Not only does this solve our issues with the redundant allocation, but it also reduces overall allocations because each new bucket's initial capacity is twice that of the previous one. So we enjoy periods where intern's cost is hashing plus cloning, separated by moments of (potentially) sizable allocations. Overall, the downside of this approach seems to be the long lifetime of the strings. Nickel however shouldn't suffer from this.

Fancy Raw Entries

This technique does a bit of (nightly) magic with HashMap, and looks like this:

pub struct Interner<H = RandomState> {
    dedup: HashMap<Symbol, (), ()>,
    hasher: H,
   // .. cropped
}

What happens here is that the HashMap itself has no hashing algorithm, instead, we insert Symbol with the hash of its corresponding string so that a subsequent de-duplication lookup would use the Raw Entry API in std to retrieve the Symbol using the hash of it given string. Almost like a HashSet where we get to control the hash of all entries, this experimental API however is nightly-only not available on HashSet, though it is available in the hashbrown crate.

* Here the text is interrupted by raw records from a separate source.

lemma cyclic_run_dynamics:
  assumes S: "\<And>t. S = {m t, i t, j t}" and cyc: "\<And>t. cycle3 (Q (Suc t)) (m t) (i t) (j t)"
    and next_cycle: "\<And>t. m (Suc t) = i t \<and> i (Suc t) = m t \<and> j (Suc t) = j t
      \<or> m (Suc t) = j t \<and> i (Suc t) = i t \<and> j (Suc t) = m t"
    and switching: "frequently (\<lambda>n. m (Suc (Suc n)) \<noteq> m n) sequentially"
  shows "cycle_dynamics (\<lambda>t. Q (Suc t) (i t) f) (\<lambda>t. Q (Suc t) f (j t)) (\<lambda>t. Q (Suc t) f (m t))
    (\<lambda>t. Q (Suc t) (m t) (i t)) (\<lambda>t. Q (Suc t) (i t) (j t)) (\<lambda>t. Q (Suc t) (j t) (m t))
    (\<lambda>t. m (Suc t) = i t)"
proof
  fix t
  have f: "f \<noteq> m t" "f \<noteq> i t" "f \<noteq> j t" using S[of t] f_notin_S by auto
  have in_S: "m t \<in> S" "i t \<in> S" "j t \<in> S" using S[of t] by auto
  show "Q (Suc t) (m t) (i t) \<ge> 2" "Q (Suc t) (i t) (j t) \<ge> 2" "Q (Suc t) (j t) (m t) \<ge> 2"
    using cyc[of t] in_S unfolding cycle3_def by (auto intro!: Q_pos_ge_2 simp del: Qseq.simps)
  show "m (Suc t) = i t \<Longrightarrow>
      Q (Suc (Suc t)) (i (Suc t)) f = Q (Suc t) (m t) (i t) * max (Q (Suc t) (i t) f) 0 - Q (Suc t) f (m t)
    \<and> Q (Suc (Suc t)) f (j (Suc t)) = Q (Suc t) f (j t) + Q (Suc t) (i t) (j t) * max (- Q (Suc t) (i t) f) 0
    \<and> Q (Suc (Suc t)) f (m (Suc t)) = Q (Suc t) (i t) f
    \<and> Q (Suc (Suc t)) (m (Suc t)) (i (Suc t)) = Q (Suc t) (m t) (i t)
    \<and> Q (Suc (Suc t)) (j (Suc t)) (m (Suc t)) = Q (Suc t) (i t) (j t)"
    using mutate_cycle3_out[OF skew_Q cyc f] next_cycle[of t] cycle3_distinct[OF skew_Q cyc[of t]]
    by auto
  show "m (Suc t) \<noteq> i t \<Longrightarrow>
      Q (Suc (Suc t)) (i (Suc t)) f = Q (Suc t) (i t) f + Q (Suc t) (i t) (j t) * max (- Q (Suc t) f (j t)) 0
    \<and> Q (Suc (Suc t)) f (j (Suc t)) = Q (Suc t) (j t) (m t) * max (Q (Suc t) f (j t)) 0 + Q (Suc t) f (m t)
    \<and> Q (Suc (Suc t)) f (m (Suc t)) = - Q (Suc t) f (j t)
    \<and> Q (Suc (Suc t)) (m (Suc t)) (i (Suc t)) = Q (Suc t) (i t) (j t)
    \<and> Q (Suc (Suc t)) (j (Suc t)) (m (Suc t)) = Q (Suc t) (j t) (m t)"
    using mutate_cycle3_in[OF skew_Q cyc f] next_cycle[of t] by auto
  show "\<not> (Q (Suc t) (i t) f = 0 \<and> Q (Suc t) f (j t) = 0 \<and> Q (Suc t) f (m t) = 0)"
    using row_nonzero[of "Suc t"] S[of t] Q_antisym[of "Suc t" "i t" f] by auto
next
  have "(m (Suc t) = i t) \<noteq> (m (Suc (Suc t)) = i (Suc t))" if "m (Suc (Suc t)) \<noteq> m t" for t
    using next_cycle[of t] next_cycle[of "Suc t"] that reduced[of "Suc t"] by auto
  with switching show "frequently (\<lambda>t. (m (Suc t) = i t) \<noteq> (m (Suc (Suc t)) = i (Suc t))) sequentially"
    by (rule frequently_elim1)
qed

lemma last_vertex_sign:
  assumes S: "\<And>t. S = {m t, i t, j t}" and cyc: "\<And>t. cycle3 (Q (Suc t)) (m t) (i t) (j t)"
    and next_cycle: "\<And>t. m (Suc t) = i t \<and> i (Suc t) = m t \<and> j (Suc t) = j t
      \<or> m (Suc t) = j t \<and> i (Suc t) = i t \<and> j (Suc t) = m t"
    and pos: "Q (Suc t) (i t) f \<ge> 1" "Q (Suc t) f (j t) \<ge> 1"
  shows "(Q (Suc (Suc t)) f (m (Suc t)) > 0 \<longleftrightarrow> Q (Suc (Suc t)) (m (Suc t)) (m t) > 0)
    \<and> Q (Suc (Suc t)) f (m (Suc t)) \<noteq> 0"
proof -
  have f: "f \<noteq> m t" "f \<noteq> i t" "f \<noteq> j t" using S[of t] f_notin_S by auto
  have c: "Q (Suc t) (m t) (i t) > 0" "Q (Suc t) (j t) (m t) > 0"
    using cyc[of t] unfolding cycle3_def by auto
  consider "m (Suc t) = i t" | "m (Suc t) = j t"
    using next_cycle[of t] by blast
  then show ?thesis
  proof cases
    case 1
    then show ?thesis using mutate_cycle3_out[OF skew_Q cyc f] pos(1) c(1) by simp
  next
    case 2
    then show ?thesis using mutate_cycle3_in[OF skew_Q cyc f] pos(2) c(2) by (simp add: mutate_row)
  qed
qed

lemma cyclic_run_sign_pattern:
  assumes cyclic: "\<And>n. has_cycle3 S (Q n)"
    and switching: "frequently (\<lambda>n. m (Suc (Suc n)) \<noteq> m n) sequentially"
  shows "\<forall>\<^sub>F n in sequentially. row_sign_pattern S (Q (Suc (Suc n))) f
    (cycle_sign_pattern (Q (Suc (Suc n))) (m (Suc n)) (m n))"
proof -
  obtain i j where S: "\<And>t. S = {m t, i t, j t}" and cyc: "\<And>t. cycle3 (Q (Suc t)) (m t) (i t) (j t)"
    and next_cycle: "\<And>t. m (Suc t) = i t \<and> i (Suc t) = m t \<and> j (Suc t) = j t
      \<or> m (Suc t) = j t \<and> i (Suc t) = i t \<and> j (Suc t) = m t"
    using cyclic_run_cycles[OF cyclic] by blast
  interpret dyn: cycle_dynamics "\<lambda>t. Q (Suc t) (i t) f" "\<lambda>t. Q (Suc t) f (j t)" "\<lambda>t. Q (Suc t) f (m t)"
    "\<lambda>t. Q (Suc t) (m t) (i t)" "\<lambda>t. Q (Suc t) (i t) (j t)" "\<lambda>t. Q (Suc t) (j t) (m t)"
    "\<lambda>t. m (Suc t) = i t"
    by (rule cyclic_run_dynamics[OF S cyc next_cycle switching])
  have "row_sign_pattern S (Q (Suc (Suc t))) f (cycle_sign_pattern (Q (Suc (Suc t))) (m (Suc t)) (m t))"
    if "dyn.absorbed t" "dyn.absorbed (Suc t)" for t
  proof -
    let ?Q = "Q (Suc (Suc t))" and ?k = "m (Suc t)"
    have xy: "Q (Suc t) (i t) f \<ge> 1" "Q (Suc t) f (j t) \<ge> 1" "?Q (i (Suc t)) f \<ge> 1" "?Q f (j (Suc t)) \<ge> 1"
      using that unfolding dyn.absorbed_def absorbing_def by auto
    have "(?Q f ?k > 0 \<longleftrightarrow> ?Q ?k (m t) > 0) \<and> ?Q f ?k \<noteq> 0"
      by (rule last_vertex_sign[OF S cyc next_cycle xy(1,2)])
    then show ?thesis
      using row_sign_pattern_cycle3[OF skew_Q cyc[of "Suc t"]] xy(3,4) S[of "Suc t"] by simp
  qed
  moreover have "\<forall>\<^sub>F t in sequentially. dyn.absorbed t \<and> dyn.absorbed (Suc t)"
    using dyn.eventually_absorbed eventually_sequentially_Suc[THEN iffD2, OF dyn.eventually_absorbed]
    by (rule eventually_conj)
  ultimately show ?thesis by (auto elim: eventually_mono)
qed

I found that this commonly used, for example in string-interner, strena, and lasso.

One Giant Buffer

In this setup, everything is stored in one String. So since our buffer can, and will, move several times, we can't use references like in the buckets approach. Moreover, since we have to use Spans in this case, we add an extra level of indirection when resolving symbols, since we now make the extra step of looking up the end of each string. Resolving now is two memory accesses instead of one. And without some unsafe, we would have to check that our span is valid UTF-8.

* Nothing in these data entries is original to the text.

(* Let $\mathcal{M}=(S,A,\Delta,T,\rho)$ be a w\~pMDP whose target states are $T=\{t_0,\dots,t_n\}$ with $0=\rho(t_0)<\rho(t_1)<\dots<\rho(t_n)$, and let $\mathcal{G}(\mathcal{M})=(V,E)$. Let $\mathcal{N}$ be the \~pMDP obtained from $\mathcal{M}$ by adding two fresh states $\mathit{fin},\mathit{fail}$ (the only target states of $\mathcal{N}$), a fresh action $a\notin A$, keeping all transitions of $\Delta$, and adding the transitions $(t_i,a,\mathit{fin})$ and $(t_i,a,t_{i-1})$ for every $i\in\{1,\dots,n\}$ and $(t_0,a,\mathit{fail})$ (so each $t_i$ is a non-target state of $\mathcal{N}$). Then for every $v\in V$ and every $W\subseteq V$: $v\trianglelefteq W$ holds in $\mathcal{M}$ if and only if $v\trianglelefteq W$ holds in $\mathcal{N}$.
   Context: A weighted parametric MDP (wpMDP) is $(S,A,X,\delta,T,\rho)$: finite states $S$, actions $A$, parameters $X$, targets $T\subseteq S$ (no outgoing transitions), $\delta:(S\setminus T)\times A\times S\to\mathbb{Q}[X]$, weights $\rho:T\to\mathbb{Q}$. A weighted trivially parametric MDP (w\~pMDP) is a wpMDP where every $\delta(s,a,s')$ is either syntactically $0$ or a parameter used on no other transition; it is written $(S,A,\Delta,T,\rho)$ with $\Delta\subseteq (S\setminus T)\times A\times S$ the set of transitions with nonzero polynomial. A \~pMDP is a w\~pMDP with $T=\{\mathit{fin},\mathit{fail}\}$, $\rho(\mathit{fin})=1$, $\rho(\mathit{fail})=0$. Its graph $\mathcal{G}=(V,E)$ has $V=S\cup((S\setminus T)\times A)$, an edge $((s,a),s')$ iff $(s,a,s')\in\Delta$, and an edge $(s,(s,a))$ iff $(s,a,s')\in\Delta$ for some $s'$ other than the zero-weight target $\mathit{fail}$; $vE$ is the successor set. Graph-preserving valuations are exactly the assignments, to every $(s,a)$ with $s\notin T$, of a probability distribution with full support on $\{s':(s,a,s')\in\Delta\}$ (if this set is empty, $(s,a)$ moves to the zero-weight target with probability $1$). A strategy $\sigma:S\setminus T\to A$ and a valuation $\mathsf{val}$ induce a Markov chain; $\mathrm{Rew}^\sigma_{\mathsf{val}}(s)=\sum_{t\in T}\rho(t)\mathbb{P}^s[\Diamond t]$ for states, $\mathrm{Rew}^\sigma_{\mathsf{val}}((s,a))=\sum_{s'}\mathsf{val}_{(s,a)}(s')\mathrm{Rew}^\sigma_{\mathsf{val}}(s')$ for state-action pairs, and $\mathrm{Rew}^*_{\mathsf{val}}(v)=\max_\sigma\mathrm{Rew}^\sigma_{\mathsf{val}}(v)$. Never-worse relation: $v\trianglelefteq W$ iff for every graph-preserving valuation $\mathsf{val}$ there is $w\in W$ with $\mathrm{Rew}^*_{\mathsf{val}}(v)\le\mathrm{Rew}^*_{\mathsf{val}}(w)$. *)

theory Defs
  imports Complex_Main "HOL-Library.FuncSet"
begin

text \<open>A weighted trivially parametric MDP is given by the components
  S (states), A (actions), Delta (transitions with nonzero polynomial),
  T (targets), rho (weights).\<close>

definition wtpMDP ::
  "'s set \<Rightarrow> 'a set \<Rightarrow> ('s \<times> 'a \<times> 's) set \<Rightarrow> 's set \<Rightarrow> ('s \<Rightarrow> real) \<Rightarrow> bool" where
  "wtpMDP S A Delta T rho \<longleftrightarrow>
     finite S \<and> finite A \<and> A \<noteq> {} \<and> T \<subseteq> S \<and>
     Delta \<subseteq> (S - T) \<times> A \<times> S \<and> (\<forall>t\<in>T. rho t \<in> \<rat>)"

definition succs :: "('s \<times> 'a \<times> 's) set \<Rightarrow> 's \<Rightarrow> 'a \<Rightarrow> 's set" where
  "succs Delta s a = {s'. (s, a, s') \<in> Delta}"

text \<open>If there is no successor the pair
  moves to a zero-weight target; this is modelled by assigning it the zero
  (sub-stochastic) vector, the lost mass contributing reward 0.\<close>

definition gp_val ::
  "'s set \<Rightarrow> 'a set \<Rightarrow> ('s \<times> 'a \<times> 's) set \<Rightarrow> 's set \<Rightarrow> ('s \<Rightarrow> 'a \<Rightarrow> 's \<Rightarrow> real) \<Rightarrow> bool" where
  "gp_val S A Delta T val \<longleftrightarrow>
     (\<forall>s\<in>S - T. \<forall>a\<in>A.
        (succs Delta s a \<noteq> {} \<longrightarrow>
           (\<forall>s'. (s' \<in> succs Delta s a \<longrightarrow> val s a s' > 0) \<and>
                 (s' \<notin> succs Delta s a \<longrightarrow> val s a s' = 0)) \<and>
           sum (val s a) (succs Delta s a) = 1) \<and>
        (succs Delta s a = {} \<longrightarrow> (\<forall>s'. val s a s' = 0)))"

fun reach_within ::
  "'s set \<Rightarrow> 's set \<Rightarrow> ('s \<Rightarrow> 'a \<Rightarrow> 's \<Rightarrow> real) \<Rightarrow> ('s \<Rightarrow> 'a) \<Rightarrow> 's \<Rightarrow> nat \<Rightarrow> 's \<Rightarrow> real" where
  "reach_within S T val sigma t 0 s = (if s = t then 1 else 0)"
| "reach_within S T val sigma t (Suc k) s =
     (if s \<in> T then (if s = t then 1 else 0)
      else (\<Sum>s'\<in>S. val s (sigma s) s' * reach_within S T val sigma t k s'))"

definition reach_prob ::
  "'s set \<Rightarrow> 's set \<Rightarrow> ('s \<Rightarrow> 'a \<Rightarrow> 's \<Rightarrow> real) \<Rightarrow> ('s \<Rightarrow> 'a) \<Rightarrow> 's \<Rightarrow> 's \<Rightarrow> real" where
  "reach_prob S T val sigma s t = (SUP k. reach_within S T val sigma t k s)"

definition Rew_state ::
  "'s set \<Rightarrow> 's set \<Rightarrow> ('s \<Rightarrow> real) \<Rightarrow> ('s \<Rightarrow> 'a \<Rightarrow> 's \<Rightarrow> real) \<Rightarrow> ('s \<Rightarrow> 'a) \<Rightarrow> 's \<Rightarrow> real" where
  "Rew_state S T rho val sigma s = (\<Sum>t\<in>T. rho t * reach_prob S T val sigma s t)"

definition vertices :: "'s set \<Rightarrow> 'a set \<Rightarrow> 's set \<Rightarrow> ('s + ('s \<times> 'a)) set" where
  "vertices S A T = Inl ` S \<union> Inr ` ((S - T) \<times> A)"

definition Rew_vertex ::
  "'s set \<Rightarrow> 's set \<Rightarrow> ('s \<Rightarrow> real) \<Rightarrow> ('s \<Rightarrow> 'a \<Rightarrow> 's \<Rightarrow> real) \<Rightarrow> ('s \<Rightarrow> 'a)
     \<Rightarrow> ('s + ('s \<times> 'a)) \<Rightarrow> real" where
  "Rew_vertex S T rho val sigma v =
     (case v of Inl s \<Rightarrow> Rew_state S T rho val sigma s
              | Inr (s, a) \<Rightarrow> (\<Sum>s'\<in>S. val s a s' * Rew_state S T rho val sigma s'))"

definition Rew_opt ::
  "'s set \<Rightarrow> 'a set \<Rightarrow> 's set \<Rightarrow> ('s \<Rightarrow> real) \<Rightarrow> ('s \<Rightarrow> 'a \<Rightarrow> 's \<Rightarrow> real)
     \<Rightarrow> ('s + ('s \<times> 'a)) \<Rightarrow> real" where
  "Rew_opt S A T rho val v =
     Max ((\<lambda>sigma. Rew_vertex S T rho val sigma v) ` ((S - T) \<rightarrow>\<^sub>E A))"

definition never_worse ::
  "'s set \<Rightarrow> 'a set \<Rightarrow> ('s \<times> 'a \<times> 's) set \<Rightarrow> 's set \<Rightarrow> ('s \<Rightarrow> real)
     \<Rightarrow> ('s + ('s \<times> 'a)) \<Rightarrow> ('s + ('s \<times> 'a)) set \<Rightarrow> bool" where
  "never_worse S A Delta T rho v W \<longleftrightarrow>
     (\<forall>val. gp_val S A Delta T val \<longrightarrow>
        (\<exists>w\<in>W. Rew_opt S A T rho val v \<le> Rew_opt S A T rho val w))"

end

theory Submission
  imports Defs
begin

text \<open>Both never-worse relations quantify over all graph-preserving valuations, so it suffices to
  translate valuations between the two models such that optimal values correspond through a
  strictly increasing map. Optimal values are pinned down by Bellman certificates: nonnegative
  functions that are superharmonic for every action, harmonic for one strategy, vanish on the
  traps of that strategy and equal the weights on the targets; policy iteration shows that one
  exists for every valuation.

  In \<open>\<N>\<close> the fresh action turns \<open>t\<^sub>n, \<dots>, t\<^sub>0\<close> into a ladder that moves down one rung or exits to
  \<open>fin\<close>; from rung \<open>i\<close> it reaches \<open>fin\<close> with a probability \<open>r\<^sub>i\<close> that increases in \<open>i\<close> and
  vanishes at \<open>i = 0\<close>. Hence, for a valuation of \<open>\<N>\<close>, the optimal values of \<open>\<N>\<close> on the vertices
  of \<open>\<M>\<close> are the optimal values \<open>U\<close> of \<open>\<M>\<close> with the weights \<open>r\<^sub>i\<close>. Pick a strictly increasing \<open>\<phi>\<close>
  with \<open>\<phi>(r\<^sub>i) = \<rho>(t\<^sub>i)\<close> and reweight every distribution of \<open>\<M>\<close>, keeping its support, so that the
  expectation of \<open>\<phi> \<circ> U\<close> is \<open>\<phi>\<close> of the expectation of \<open>U\<close>: under the new valuation the optimal
  values of \<open>\<M>\<close> are \<open>\<phi> \<circ> U\<close>. Conversely, given a valuation of \<open>\<M>\<close>, scale \<open>\<rho>\<close> into \<open>[0, 1)\<close> and
  choose the ladder probabilities so that rung \<open>i\<close> reaches \<open>fin\<close> with the scaled weight of \<open>t\<^sub>i\<close>:
  the optimal values of \<open>\<N>\<close> are then those of \<open>\<M>\<close> times a positive constant.\<close>

section \<open>Weighted averages\<close>

lemma weighted_avg_le:
  fixes p f :: "'x \<Rightarrow> real"
  assumes "finite X" "\<And>y. y \<in> X \<Longrightarrow> 0 \<le> p y" "sum p X \<le> 1" "0 \<le> m"
    and "\<And>y. y \<in> X \<Longrightarrow> 0 < p y \<Longrightarrow> f y \<le> m"
  shows "(\<Sum>y\<in>X. p y * f y) \<le> m"
proof -
  have "p y * f y \<le> p y * m" if "y \<in> X" for y
    using assms(2,5)[OF that] by (cases "p y = 0") (simp_all add: mult_left_mono)
  then have "(\<Sum>y\<in>X. p y * f y) \<le> (\<Sum>y\<in>X. p y * m)"
    by (rule sum_mono)
  also have "\<dots> = m * sum p X"
    by (simp add: sum_distrib_left mult.commute)
  also have "\<dots> \<le> m"
    using assms(3,4) by (rule mult_left_le)
  finally show ?thesis .
qed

pub struct Interner<H = RandomState> {
    dedup: HashMap<Symbol, (), ()>,
    hasher: H,
    ends: Vec<usize>,
    buffer: String,
}

This can be seen in the string backend of string-interner and the strena crates.

Honorable Mentions

• ustr is a global, immutable, static (everything is leaked) string cache.
• smol-str is a string type with O(1) cloning and is stack-allocated when less than 22 bytes. It's part of rust-analyzer.

Conclusion

The solutions outlined above come with different trade-offs in terms of allocations and speed of both resolving and interning. What's left now is to carve out a special solution for Nickel based on our specific requirements.

[aspiwack]

There seem to be an option missing in this story:

When we point to a string, we point to a Rc<String>, so that we don't have to deal with the state to dereference. Since we are only intent on sharing at parse time, we can simply have a table String ↦ Rc<String>.

[fuzzypixelz]

When we point to a string, we point to a Rc<String>, so that we don't have to deal with the state to dereference. Since we are only intent on sharing at parse time, we can simply have a table String ↦ Rc<String>.

Simple and elegant.

We could probably replace Rc<String> with Rc<str>. This would remove the extra indirection when de-referencing, but also bump up the pointer size, as the size is stored inline. Not sure which is more desirable.